Dowiedz Się O Swojej Liczbie Aniołów

Mogę być introwertykiem, ale nie potrzebuję, żebyś wyciągał mnie z mojej skorupy

Jestem introwertykiem i doskonale czuję się w swojej skorupie. Nie potrzebuję, żebyś próbował mnie z tego wyciągnąć. Czuję się komfortowo będąc tym, kim jestem, i nie potrzebuję twojej pomocy, aby to zmienić.


Introwertycy mogą być trochę trudni do zrozumienia, jeśli nie podzielasz naszych zwyczajów. Lubimy własne towarzystwo, łatwo się męczymy nadmiarem zewnętrznych bodźców i wolimy prowadzić spokojne, nieco samotne życie. Nie jesteśmy nieśmiali i zdecydowanie nie potrzebujemy nikogo, kto „wydobędzie nas z naszych muszli” — jesteśmy w porządku tacy, jacy jesteśmy.

Czy wyglądamy jak żółwie?

Mamy dość słuchania, jak ludzie mówią nam, że pomogą nam wydobyć się z naszych muszli. Wszyscy spojrzeliśmy w lustro i jesteśmy prawie pewni, że nie wyglądamy jak żółwie. Nie mamy muszli - mamy życia i po prostu są inne niż twoje.

Lubimy być introwertykami.

Zdaję sobie sprawę, że to nowatorska koncepcja, że ​​komuś może się podobać pomysł spędzenia nocy lub posiadania kilku bliskich przyjaciół zamiast kilkudziesięciu, ale właśnie tak się czujemy. Nie musimy ciągle wychodzić i udzielać się towarzysko, aby być szczęśliwym. Mamy mnóstwo hobby, satysfakcjonujących karier, a nawet chodzimy na randki. Tak, kochamy nasze życie.

Nie, nic nam nie jest.

Kiedy mówimy, że jesteśmy introwertykami, można by pomyśleć, że właśnie powiedzieliśmy ludziom, że mamy chorobę. Nagle ludzie patrzą na nas z litością, ale pieprzyć to. U nas wszystko w porządku — w rzeczywistości jesteśmy więcej niż w porządku. Były świetne! Nie musimy niczego zmieniać w sobie ani w naszym życiu, ponieważ są one niesamowite takie, jakie są.


Jesteśmy całkowicie zadowoleni z naszego życia towarzyskiego (lub jego braku).
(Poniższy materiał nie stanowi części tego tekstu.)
lemma maximal_modular_span_insert_basis:
  fixes om :: "'i \<Rightarrow> 'i \<Rightarrow> 'k::field"
  assumes max: "evo_maximal_modular om M" and notin: "evo_basis j \<notin> M"
  shows "evo.span (insert (evo_basis j) M) = evo_carrier"
proof (rule ccontr)
  let ?N = "evo.span (insert (evo_basis j) M)"
  assume proper: "?N \<noteq> evo_carrier"
  obtain u where ideal: "evo_ideal om M" and u: "evo_modular_unit om M u"
    using max by (auto simp: evo_maximal_modular_def evo_proper_modular_def evo_modular_ideal_def)
  have "M \<subseteq> ?N"
    using evo.span_superset by blast
  then have "evo_modular_unit om ?N u"
    using u by (auto simp: evo_modular_unit_def)
  then have "evo_proper_modular om ?N"
    using evo_ideal_span_insert_basis[OF ideal u notin] proper
    by (auto simp: evo_proper_modular_def evo_modular_ideal_def)
  with max \<open>M \<subseteq> ?N\<close> have "?N = M"
    by (auto simp: evo_maximal_modular_def)
  with notin show False
    using evo.span_base[of "evo_basis j" "insert (evo_basis j) M"] by simp
qed

lemma maximal_modular_basis_mem:
  fixes om :: "'i \<Rightarrow> 'i \<Rightarrow> 'k::field"
  assumes max: "evo_maximal_modular om M"
    and i0: "evo_basis i0 \<notin> M" and "j \<noteq> i0"
  shows "evo_basis j \<in> M"
proof (rule ccontr)
  assume "evo_basis j \<notin> M"
  then have "evo_basis i0 \<in> evo.span (insert (evo_basis j) M)"
    using maximal_modular_span_insert_basis[OF max] by simp
  moreover obtain u where ideal: "evo_ideal om M" and u: "evo_modular_unit om M u"
    using max by (auto simp: evo_maximal_modular_def evo_proper_modular_def evo_modular_ideal_def)
  moreover have span_M: "evo.span M = M"
    using ideal by (simp add: evo_ideal_def)
  ultimately obtain c where m: "evo_basis i0 - evo_scale c (evo_basis j) \<in> M"
    unfolding evo.span_breakdown_eq by auto
  have "evo_mult om (evo_basis i0) (evo_basis i0 - evo_scale c (evo_basis j)) = (\<lambda>k. om k i0)"
    using \<open>j \<noteq> i0\<close> by (simp add: evo_mult_basis_left fun_eq_iff)
  then have "(\<lambda>k. om k i0) \<in> M"
    using ideal m by (metis evo_basis_in_carrier evo_ideal_def)
  with ideal u i0 show False
    using evo_basis_mem_if_square_mem[of M om u i0] by (simp add: evo_ideal_def)
qed

lemma maximal_modular_eq_coord_hyperplane:
  fixes om :: "'i \<Rightarrow> 'i \<Rightarrow> 'k::field"
  assumes max: "evo_maximal_modular om M"
  shows "\<exists>i0. M = coord_hyperplane i0"
proof -
  have sub: "evo.subspace M" "M \<subseteq> evo_carrier" and proper: "M \<noteq> evo_carrier"
    using max by (auto simp: evo_maximal_modular_def evo_proper_modular_def
        evo_modular_ideal_def evo_ideal_def)
  obtain i0 where i0: "evo_basis i0 \<notin> M"
  proof (rule ccontr)
    assume "\<not> thesis"
    with that have "evo_basis i \<in> M" for i by blast
    then have "x \<in> M" if "x \<in> evo_carrier" for x
      using evo_carrier_expand[OF that] sub(1)
      by (metis (no_types, lifting) evo.subspace_scale evo.subspace_sum)
    with sub(2) proper show False by blast
  qed
  have "coord_hyperplane i0 \<subseteq> M"
    unfolding span_basis_Diff_eq_coord_hyperplane[symmetric]
    using maximal_modular_basis_mem[OF max i0] sub(1) by (intro evo.span_minimal) auto
  moreover have "M \<subseteq> coord_hyperplane i0"
    using subspace_superset_coord_hyperplane[OF sub(1) \<open>coord_hyperplane i0 \<subseteq> M\<close>]
      sub(2) proper by blast
  ultimately show ?thesis by blast
qed

lemma notin_descendents_iff:
  "(\<forall>k. k \<noteq> i0 \<longrightarrow> i0 \<notin> descendents om k) \<longleftrightarrow> (\<forall>k. k \<noteq> i0 \<longrightarrow> om i0 k = 0)"
proof
  assume "\<forall>k. k \<noteq> i0 \<longrightarrow> i0 \<notin> descendents om k"
  moreover have "desc om (Suc 0) k \<subseteq> descendents om k" for k
    unfolding descendents_def by (rule UN_upper) simp
  ultimately show "\<forall>k. k \<noteq> i0 \<longrightarrow> om i0 k = 0" by auto
next
  assume col: "\<forall>k. k \<noteq> i0 \<longrightarrow> om i0 k = 0"
  have "i0 \<notin> desc om (Suc n) k" if "k \<noteq> i0" for n k
  proof (induction n)
    case 0
    with col that show ?case by simp
  next
    case (Suc n)
    with col show ?case by auto
  qed
  then show "\<forall>k. k \<noteq> i0 \<longrightarrow> i0 \<notin> descendents om k"
    unfolding descendents_def by (auto simp: Suc_le_eq dest!: gr0_implies_Suc)
qed
(* Let $S,E\ge0$ be integers and let $\mathbf c=(c_1,\dots,c_m)$, $\mathbf d=(d_1,\dots,d_m)$ be partitions with $\mathbf c\ne\mathbf d$. Let $\ell=\max\{i: c_i\ne d_i\}$, $f=\max\{i\in\{1,\dots,\ell\}: c_i<d_{i-1}\}$ (with $d_0=+\infty$) and $f'=\max\{i\in\{1,\dots,\ell\}: d_i<c_{i-1}\}$ (with $c_0=+\infty$). 1. There exists a partition $\mathbf g=(g_1,\dots,g_{m+1})$ with $\sum_{i=1}^{m+1}g_i=S$, $\mathbf g\prec'\mathbf c$ and $\mathbf g\prec'\mathbf d$ if and only if $S\le\sum_{i=1}^m\min\{c_i,d_i\}+\max\{c_f,d_{f'}\}$. 2. If $f>1$ and $f'>1$, there exists a partition $\mathbf e=(e_1,\dots,e_{m-1})$ with $\sum_{i=1}^{m-1}e_i=E$, $\mathbf c\prec'\mathbf e$ and $\mathbf d\prec'\mathbf e$ if and only if $E\ge\sum_{i=1}^m\max\{c_i,d_i\}-\max\{c_f,d_{f'}\}$. 3. If $f=1$ or $f'=1$, there exists a partition $\mathbf e=(e_1,\dots,e_{m-1})$ with $\sum_{i=1}^{m-1}e_i=E$, $\mathbf c\prec'\mathbf e$ and $\mathbf d\prec'\mathbf e$ if and only if $$E=\sum_{i=1}^m\max\{c_i,d_i\}-\max\{c_f,d_{f'}\}\quad\text{or}\quad E\ge\sum_{i=1}^m\max\{c_i,d_i\}-\max\{c_{f+1},d_{f'+1}\};$$ equivalently, if and only if $E=\sum_{i=2}^m\max\{c_i,d_i\}$ or $E\ge\max\{c_1,d_1\}+\sum_{i=3}^m\max\{c_i,d_i\}$.
   Context: A partition is a nonincreasing finite sequence of nonnegative integers; for a sequence $(a_1,\dots,a_m)$ one sets $a_i=-\infty$ for $i>m$. 1-step generalized majorization: for nonincreasing integer sequences $\mathbf g=(g_1,\dots,g_{k+1})$ and $\mathbf a=(a_1,\dots,a_k)$, set $a_{k+1}=-\infty$ and $h=\min\{i: a_i<g_i\}$; then $\mathbf g\prec'\mathbf a$ means $a_i=g_{i+1}$ for all $h\le i\le k$. Empty sums are $0$. *)

theory Defs
  imports Main "HOL-Library.Extended_Real"
begin

text \<open>Sequences (a_1,...,a_k) are int lists; a_i is stored at position i-1.\<close>

definition is_partition :: "int list \<Rightarrow> bool" where
  "is_partition xs \<longleftrightarrow> sorted_wrt (\<ge>) xs \<and> (\<forall>x\<in>set xs. 0 \<le> x)"

definition entx :: "int list \<Rightarrow> nat \<Rightarrow> ereal" where
  "entx xs i = (if i = 0 then \<infinity> else if i \<le> length xs then ereal (xs ! (i - 1)) else -\<infinity>)"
Nie, nie wychodzimy tak często i nie lubimy przebywać w dużych grupach. Możesz nie lubić pizzy pepperoni, ale nie oceniamy cię. (Dobra, może trochę, bo kto nie lubi pizzy pepperoni?) To, że nie musimy przebywać z ludźmi 24 godziny na dobę, 7 dni w tygodniu, nie oznacza, że ​​nie mamy ekscytującego życia towarzyskiego. Noc z kilkoma bliskimi przyjaciółmi jest równie stymulująca jak wieczór w zatłoczonym klubie.

Tak, czasami trudniej nas zadowolić.

Wydaje się, że ekstrawertycy nie rozumieją, że lubimy prawdziwą rozmowę lub że poświęcamy trochę czasu na otwarcie się, zamiast podzielić się całą historią naszego życia na pierwszej randce. Chcemy głębszego związku, a jeśli to utrudnia nam zadowolenie, niech tak będzie.